◆ What the exercise asks ◆
Set down, word for word, the stretch of lines from the one containing "using elim by" to the end of the records below.

◆ Provided entries ◆
━━━━━━━━━━━━━━━━━━━━

lemma capped_ball_add_mem:
  fixes q e :: "'a::real_inner"
  assumes q: "q \<in> capped_ball N t" and inside: "capped_ball N t \<subseteq> cball 0 c"
    and N: "N \<subseteq> sphere 0 1"
    and small: "norm e \<le> 1 - c" "\<And>n. n \<in> N \<Longrightarrow> norm e \<le> t n - s n"
    and off_cap: "\<And>n. n \<in> N \<Longrightarrow> 0 < n \<bullet> e \<Longrightarrow> n \<bullet> q < s n"
  shows "q + e \<in> capped_ball N t"
proof -
  have "norm (q + e) \<le> norm q + norm e" by (rule norm_triangle_ineq)
  also have "\<dots> \<le> 1" using q inside small(1) by auto
  finally have "norm (q + e) \<le> 1" .
  moreover have "n \<bullet> (q + e) \<le> t n" if n: "n \<in> N" for n
  proof (cases "0 < n \<bullet> e")
    case True
    have "n \<bullet> e \<le> norm e" using norm_cauchy_schwarz[of n e] n N by auto
    then show ?thesis using off_cap[OF n True] small(2)[OF n] by (simp add: inner_add_right)
  next
    case False
    moreover have "n \<bullet> q \<le> t n" using q n unfolding capped_ball_def by simp
    ultimately show ?thesis by (simp add: inner_add_right)
  qed
  ultimately show ?thesis unfolding capped_ball_def by simp
qed

lemma capped_ball_eventually_translation_invariant:
  fixes A N :: "'a::real_inner set" and C :: real
  assumes "finite A" "finite N" "N \<subseteq> sphere 0 1"
    and inside: "c < 1" "capped_ball N t \<subseteq> cball 0 c"
    and gap: "\<And>n. n \<in> N \<Longrightarrow> s n < t n" and g: "\<And>n. n \<in> N \<Longrightarrow> 0 < g n"
    and cap: "\<And>n q a. n \<in> N \<Longrightarrow> norm q \<le> 1 \<Longrightarrow> s n \<le> n \<bullet> q \<Longrightarrow> a \<in> A \<Longrightarrow> 0 < n \<bullet> a \<Longrightarrow>
                g n \<le> q \<bullet> a"
  shows "\<forall>\<^sub>F \<rho> in at_top. \<forall>x\<in>(\<lambda>q. \<rho> *\<^sub>R q) ` capped_ball N t. \<forall>a\<in>A.
           x \<bullet> a \<le> C \<longrightarrow> x + a \<in> (\<lambda>q. \<rho> *\<^sub>R q) ` capped_ball N t"
proof -
  obtain K where K: "0 < K" "\<And>a. a \<in> A \<Longrightarrow> norm a \<le> K"
    using finite_imp_bounded[OF assms(1)] bounded_pos by metis
  have "\<forall>\<^sub>F \<rho> in at_top. 0 < \<rho> \<and> K < \<rho> * (1 - c) \<and> (\<forall>n\<in>N. K < \<rho> * (t n - s n) \<and> C < \<rho> * g n)"
    using inside(1) gap g assms(2)
    by (intro eventually_conj eventually_ball_finite ballI eventually_less_mult_at_top
        eventually_gt_at_top) auto
  then show ?thesis
  proof eventually_elim
    case (elim \<rho>)
    show ?case
    proof (intro ballI impI)
      fix x a assume "x \<in> (\<lambda>q. \<rho> *\<^sub>R q) ` capped_ball N t" and a: "a \<in> A" "x \<bullet> a \<le> C"
      then obtain q where q: "q \<in> capped_ball N t" "x = \<rho> *\<^sub>R q" by auto
      have "norm (a /\<^sub>R \<rho>) \<le> K / \<rho>" using K(2)[OF a(1)] elim by (simp add: field_simps)
      moreover have "n \<bullet> q < s n" if "n \<in> N" "0 < n \<bullet> (a /\<^sub>R \<rho>)" for n
      proof (rule ccontr)
        assume "\<not> n \<bullet> q < s n"
        then have "g n \<le> q \<bullet> a"
          using that q(1) a(1) elim by (intro cap) (auto simp: capped_ball_def zero_less_mult_iff)
        then have "C < x \<bullet> a" using elim that(1) q(2) by (fastforce intro: less_le_trans)
        then show False using a(2) by simp
      qed
      ultimately have "q + a /\<^sub>R \<rho> \<in> capped_ball N t"
        using elim by (intro capped_ball_add_mem[OF q(1) inside(2) assms(3)]) (auto simp: field_simps)
      moreover have "x + a = \<rho> *\<^sub>R (q + a /\<^sub>R \<rho>)" using q(2) elim by (simp add: algebra_simps)
      ultimately show "x + a \<in> (\<lambda>q. \<rho> *\<^sub>R q) ` capped_ball N t" by blast
    qed
  qed
qed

━━━━━━━━━━━━━━━━━━━━

◆ Response to the exercise ◆
        using elim by (intro capped_ball_add_mem[OF q(1) inside(2) assms(3)]) (auto simp: field_simps)
      moreover have "x + a = \<rho> *\<^sub>R (q + a /\<^sub>R \<rho>)" using q(2) elim by (simp add: algebra_simps)
      ultimately show "x + a \<in> (\<lambda>q. \<rho> *\<^sub>R q) ` capped_ball N t" by blast
    qed
  qed
qed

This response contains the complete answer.